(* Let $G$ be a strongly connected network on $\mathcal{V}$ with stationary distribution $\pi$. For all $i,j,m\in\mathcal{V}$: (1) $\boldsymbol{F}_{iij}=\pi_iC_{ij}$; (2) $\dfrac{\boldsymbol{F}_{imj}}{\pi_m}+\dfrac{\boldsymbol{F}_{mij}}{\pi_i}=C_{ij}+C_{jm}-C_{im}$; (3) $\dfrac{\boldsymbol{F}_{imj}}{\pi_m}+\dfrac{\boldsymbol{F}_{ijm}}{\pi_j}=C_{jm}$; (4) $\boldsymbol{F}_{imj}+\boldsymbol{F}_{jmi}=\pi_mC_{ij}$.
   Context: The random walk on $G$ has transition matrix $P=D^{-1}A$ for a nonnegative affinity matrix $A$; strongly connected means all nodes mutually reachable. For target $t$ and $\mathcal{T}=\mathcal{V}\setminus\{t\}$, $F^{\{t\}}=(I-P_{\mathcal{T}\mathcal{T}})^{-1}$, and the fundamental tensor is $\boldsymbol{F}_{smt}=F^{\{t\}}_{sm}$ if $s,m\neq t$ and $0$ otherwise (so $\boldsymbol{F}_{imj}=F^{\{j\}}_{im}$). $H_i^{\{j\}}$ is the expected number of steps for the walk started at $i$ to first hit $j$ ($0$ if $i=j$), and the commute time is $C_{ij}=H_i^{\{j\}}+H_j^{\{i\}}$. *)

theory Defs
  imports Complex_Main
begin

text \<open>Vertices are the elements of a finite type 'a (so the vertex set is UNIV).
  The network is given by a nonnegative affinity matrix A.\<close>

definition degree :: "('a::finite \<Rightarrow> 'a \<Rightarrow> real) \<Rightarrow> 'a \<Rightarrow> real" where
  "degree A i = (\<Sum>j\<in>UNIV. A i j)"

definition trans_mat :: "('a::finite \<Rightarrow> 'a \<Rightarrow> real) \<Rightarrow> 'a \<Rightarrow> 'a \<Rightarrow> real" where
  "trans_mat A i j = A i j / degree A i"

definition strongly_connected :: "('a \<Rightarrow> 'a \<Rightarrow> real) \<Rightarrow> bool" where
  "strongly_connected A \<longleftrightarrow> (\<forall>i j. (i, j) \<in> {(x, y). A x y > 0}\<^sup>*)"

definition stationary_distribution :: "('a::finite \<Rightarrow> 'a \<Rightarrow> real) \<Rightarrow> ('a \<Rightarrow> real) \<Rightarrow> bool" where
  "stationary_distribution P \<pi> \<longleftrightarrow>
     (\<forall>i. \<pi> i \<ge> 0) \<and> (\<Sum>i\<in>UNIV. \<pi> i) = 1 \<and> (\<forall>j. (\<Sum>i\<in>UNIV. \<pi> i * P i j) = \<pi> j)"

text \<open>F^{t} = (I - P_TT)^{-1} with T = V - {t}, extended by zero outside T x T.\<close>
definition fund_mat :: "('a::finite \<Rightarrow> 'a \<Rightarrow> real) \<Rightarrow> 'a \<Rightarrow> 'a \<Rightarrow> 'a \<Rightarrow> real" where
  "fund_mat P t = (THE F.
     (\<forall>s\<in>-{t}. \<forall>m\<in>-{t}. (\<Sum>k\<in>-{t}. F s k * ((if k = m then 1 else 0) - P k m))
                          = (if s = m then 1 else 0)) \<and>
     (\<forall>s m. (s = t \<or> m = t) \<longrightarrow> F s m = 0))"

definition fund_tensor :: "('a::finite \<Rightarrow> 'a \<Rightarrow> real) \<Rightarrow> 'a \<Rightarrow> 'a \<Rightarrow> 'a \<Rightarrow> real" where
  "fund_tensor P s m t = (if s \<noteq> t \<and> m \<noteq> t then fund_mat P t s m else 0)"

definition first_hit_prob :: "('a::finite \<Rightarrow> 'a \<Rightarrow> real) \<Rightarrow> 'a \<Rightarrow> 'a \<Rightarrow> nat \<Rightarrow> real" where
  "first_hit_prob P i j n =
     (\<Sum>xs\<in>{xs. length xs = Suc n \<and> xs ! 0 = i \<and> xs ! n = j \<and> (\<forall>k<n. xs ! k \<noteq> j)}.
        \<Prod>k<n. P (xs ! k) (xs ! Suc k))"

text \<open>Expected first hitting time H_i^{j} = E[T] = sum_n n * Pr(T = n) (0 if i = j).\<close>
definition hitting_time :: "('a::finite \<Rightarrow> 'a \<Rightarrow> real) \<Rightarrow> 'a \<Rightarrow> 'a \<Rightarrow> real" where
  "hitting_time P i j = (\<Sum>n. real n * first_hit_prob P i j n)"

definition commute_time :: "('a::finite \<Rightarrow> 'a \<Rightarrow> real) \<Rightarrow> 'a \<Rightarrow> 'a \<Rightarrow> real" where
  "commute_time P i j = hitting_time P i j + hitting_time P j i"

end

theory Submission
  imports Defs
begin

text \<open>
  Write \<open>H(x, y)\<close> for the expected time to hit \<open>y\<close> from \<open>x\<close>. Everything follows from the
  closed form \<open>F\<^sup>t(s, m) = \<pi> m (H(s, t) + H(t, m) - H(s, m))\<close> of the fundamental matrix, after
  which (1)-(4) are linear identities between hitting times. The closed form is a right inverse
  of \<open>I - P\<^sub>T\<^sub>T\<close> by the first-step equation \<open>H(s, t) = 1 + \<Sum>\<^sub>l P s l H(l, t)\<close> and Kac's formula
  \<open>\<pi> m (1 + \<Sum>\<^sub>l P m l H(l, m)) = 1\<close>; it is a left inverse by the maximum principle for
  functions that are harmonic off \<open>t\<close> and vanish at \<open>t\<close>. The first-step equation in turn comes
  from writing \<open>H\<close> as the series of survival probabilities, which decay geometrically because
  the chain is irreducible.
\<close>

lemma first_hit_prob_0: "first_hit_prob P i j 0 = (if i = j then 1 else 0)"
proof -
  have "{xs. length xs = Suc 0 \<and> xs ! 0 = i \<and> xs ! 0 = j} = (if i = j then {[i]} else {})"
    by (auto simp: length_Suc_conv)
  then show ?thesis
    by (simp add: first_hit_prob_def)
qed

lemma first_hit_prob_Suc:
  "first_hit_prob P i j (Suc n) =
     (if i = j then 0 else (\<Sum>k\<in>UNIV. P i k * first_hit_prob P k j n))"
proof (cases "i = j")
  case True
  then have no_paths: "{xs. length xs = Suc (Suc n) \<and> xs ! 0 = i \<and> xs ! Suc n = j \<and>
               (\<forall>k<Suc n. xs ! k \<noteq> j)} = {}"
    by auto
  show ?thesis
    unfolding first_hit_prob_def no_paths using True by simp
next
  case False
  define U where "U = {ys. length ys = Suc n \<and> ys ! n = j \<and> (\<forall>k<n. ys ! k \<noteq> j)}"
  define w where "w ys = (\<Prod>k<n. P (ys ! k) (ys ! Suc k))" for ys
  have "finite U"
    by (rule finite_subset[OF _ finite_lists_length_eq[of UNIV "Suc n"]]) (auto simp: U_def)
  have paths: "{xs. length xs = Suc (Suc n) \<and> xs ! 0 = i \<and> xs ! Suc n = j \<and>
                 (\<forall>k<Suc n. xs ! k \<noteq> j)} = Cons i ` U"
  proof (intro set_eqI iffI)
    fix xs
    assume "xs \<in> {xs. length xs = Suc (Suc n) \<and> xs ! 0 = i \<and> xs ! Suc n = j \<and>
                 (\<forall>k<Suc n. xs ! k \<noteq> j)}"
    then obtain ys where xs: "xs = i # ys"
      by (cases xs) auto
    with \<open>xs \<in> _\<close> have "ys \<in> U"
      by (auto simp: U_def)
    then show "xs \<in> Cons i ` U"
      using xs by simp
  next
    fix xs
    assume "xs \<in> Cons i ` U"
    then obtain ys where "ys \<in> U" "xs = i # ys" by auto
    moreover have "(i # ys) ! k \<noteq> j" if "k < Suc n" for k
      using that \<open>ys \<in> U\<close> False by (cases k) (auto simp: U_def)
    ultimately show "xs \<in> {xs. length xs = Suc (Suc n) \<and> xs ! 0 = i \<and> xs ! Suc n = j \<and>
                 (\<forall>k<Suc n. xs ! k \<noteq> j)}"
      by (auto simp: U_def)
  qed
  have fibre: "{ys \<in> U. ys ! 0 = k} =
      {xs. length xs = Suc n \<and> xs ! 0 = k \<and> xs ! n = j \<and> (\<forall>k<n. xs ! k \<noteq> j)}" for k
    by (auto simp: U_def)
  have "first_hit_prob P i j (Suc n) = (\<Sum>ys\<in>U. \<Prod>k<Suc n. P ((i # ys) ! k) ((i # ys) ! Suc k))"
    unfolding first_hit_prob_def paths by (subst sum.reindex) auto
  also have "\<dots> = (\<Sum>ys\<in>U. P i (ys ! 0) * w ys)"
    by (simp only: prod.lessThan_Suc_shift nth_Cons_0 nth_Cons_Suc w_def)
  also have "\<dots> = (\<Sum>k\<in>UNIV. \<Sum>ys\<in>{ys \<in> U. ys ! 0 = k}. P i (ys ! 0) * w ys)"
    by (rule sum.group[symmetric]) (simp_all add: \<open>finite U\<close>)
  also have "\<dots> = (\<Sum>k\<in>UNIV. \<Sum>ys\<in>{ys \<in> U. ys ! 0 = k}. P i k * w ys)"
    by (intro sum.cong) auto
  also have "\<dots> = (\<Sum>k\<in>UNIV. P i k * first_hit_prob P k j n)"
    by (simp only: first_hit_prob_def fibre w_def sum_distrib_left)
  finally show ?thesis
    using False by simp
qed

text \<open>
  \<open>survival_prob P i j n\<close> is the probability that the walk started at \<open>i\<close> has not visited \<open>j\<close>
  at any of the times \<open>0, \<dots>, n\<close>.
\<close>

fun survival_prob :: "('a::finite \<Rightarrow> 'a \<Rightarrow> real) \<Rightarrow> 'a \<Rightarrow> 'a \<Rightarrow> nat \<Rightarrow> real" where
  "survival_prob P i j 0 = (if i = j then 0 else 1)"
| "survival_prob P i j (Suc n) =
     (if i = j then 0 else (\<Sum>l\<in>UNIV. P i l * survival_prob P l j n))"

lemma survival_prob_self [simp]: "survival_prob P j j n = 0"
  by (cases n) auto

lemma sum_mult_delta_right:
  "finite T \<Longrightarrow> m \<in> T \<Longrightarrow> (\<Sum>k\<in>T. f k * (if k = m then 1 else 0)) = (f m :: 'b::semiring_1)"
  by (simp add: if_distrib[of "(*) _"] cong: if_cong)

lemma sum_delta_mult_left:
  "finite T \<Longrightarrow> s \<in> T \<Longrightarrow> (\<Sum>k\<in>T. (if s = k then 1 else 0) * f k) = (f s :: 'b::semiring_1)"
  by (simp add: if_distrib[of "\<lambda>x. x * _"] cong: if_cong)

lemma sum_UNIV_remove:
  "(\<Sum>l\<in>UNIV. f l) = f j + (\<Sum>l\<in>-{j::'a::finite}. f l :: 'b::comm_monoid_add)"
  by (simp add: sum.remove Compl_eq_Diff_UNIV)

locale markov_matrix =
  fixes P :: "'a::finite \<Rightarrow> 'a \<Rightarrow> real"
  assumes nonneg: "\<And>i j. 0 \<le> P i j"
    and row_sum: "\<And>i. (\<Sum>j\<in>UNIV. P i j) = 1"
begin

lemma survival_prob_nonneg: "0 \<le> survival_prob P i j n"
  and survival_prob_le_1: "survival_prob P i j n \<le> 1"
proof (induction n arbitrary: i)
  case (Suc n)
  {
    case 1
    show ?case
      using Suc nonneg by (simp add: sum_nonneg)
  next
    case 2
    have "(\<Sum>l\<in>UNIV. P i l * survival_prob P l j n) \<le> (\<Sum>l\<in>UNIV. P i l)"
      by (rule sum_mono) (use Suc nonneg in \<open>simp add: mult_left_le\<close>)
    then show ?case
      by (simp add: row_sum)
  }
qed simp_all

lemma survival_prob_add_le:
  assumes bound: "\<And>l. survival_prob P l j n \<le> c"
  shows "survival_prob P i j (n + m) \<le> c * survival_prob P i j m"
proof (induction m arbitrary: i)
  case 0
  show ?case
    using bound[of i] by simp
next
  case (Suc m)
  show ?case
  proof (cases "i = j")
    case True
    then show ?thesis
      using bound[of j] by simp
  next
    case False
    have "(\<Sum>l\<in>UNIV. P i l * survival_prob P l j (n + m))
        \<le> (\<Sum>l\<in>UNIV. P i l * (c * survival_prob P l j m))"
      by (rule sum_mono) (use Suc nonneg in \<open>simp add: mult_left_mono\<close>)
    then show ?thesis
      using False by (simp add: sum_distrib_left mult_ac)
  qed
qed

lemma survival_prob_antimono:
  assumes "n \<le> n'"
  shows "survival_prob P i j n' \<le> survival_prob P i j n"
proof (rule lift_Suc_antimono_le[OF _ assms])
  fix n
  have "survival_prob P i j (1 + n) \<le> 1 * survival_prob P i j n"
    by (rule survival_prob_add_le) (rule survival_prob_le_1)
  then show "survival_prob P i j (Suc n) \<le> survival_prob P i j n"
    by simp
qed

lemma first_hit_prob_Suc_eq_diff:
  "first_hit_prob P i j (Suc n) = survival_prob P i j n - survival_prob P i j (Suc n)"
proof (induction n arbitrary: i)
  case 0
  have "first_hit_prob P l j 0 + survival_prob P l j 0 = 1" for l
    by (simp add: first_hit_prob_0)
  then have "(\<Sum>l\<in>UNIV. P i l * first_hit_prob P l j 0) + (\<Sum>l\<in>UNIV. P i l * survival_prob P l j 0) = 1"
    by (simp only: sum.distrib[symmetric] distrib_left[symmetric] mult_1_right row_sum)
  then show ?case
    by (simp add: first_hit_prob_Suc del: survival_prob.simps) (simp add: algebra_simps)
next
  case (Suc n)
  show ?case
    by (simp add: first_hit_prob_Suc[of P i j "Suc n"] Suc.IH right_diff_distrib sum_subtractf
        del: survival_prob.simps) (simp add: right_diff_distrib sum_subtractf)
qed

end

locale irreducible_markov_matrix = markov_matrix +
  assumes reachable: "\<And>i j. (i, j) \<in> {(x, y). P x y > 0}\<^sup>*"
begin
..............................
• [Task item]: Which lines in the records above contain the string "also"? Copy each one.

• [Response area]:
  also have "\<dots> = (\<Sum>ys\<in>U. P i (ys ! 0) * w ys)"
  also have "\<dots> = (\<Sum>k\<in>UNIV. \<Sum>ys\<in>{ys \<in> U. ys ! 0 = k}. P i (ys ! 0) * w ys)"
  also have "\<dots> = (\<Sum>k\<in>UNIV. \<Sum>ys\<in>{ys \<in> U. ys ! 0 = k}. P i k * w ys)"
  also have "\<dots> = (\<Sum>k\<in>UNIV. P i k * first_hit_prob P k j n)"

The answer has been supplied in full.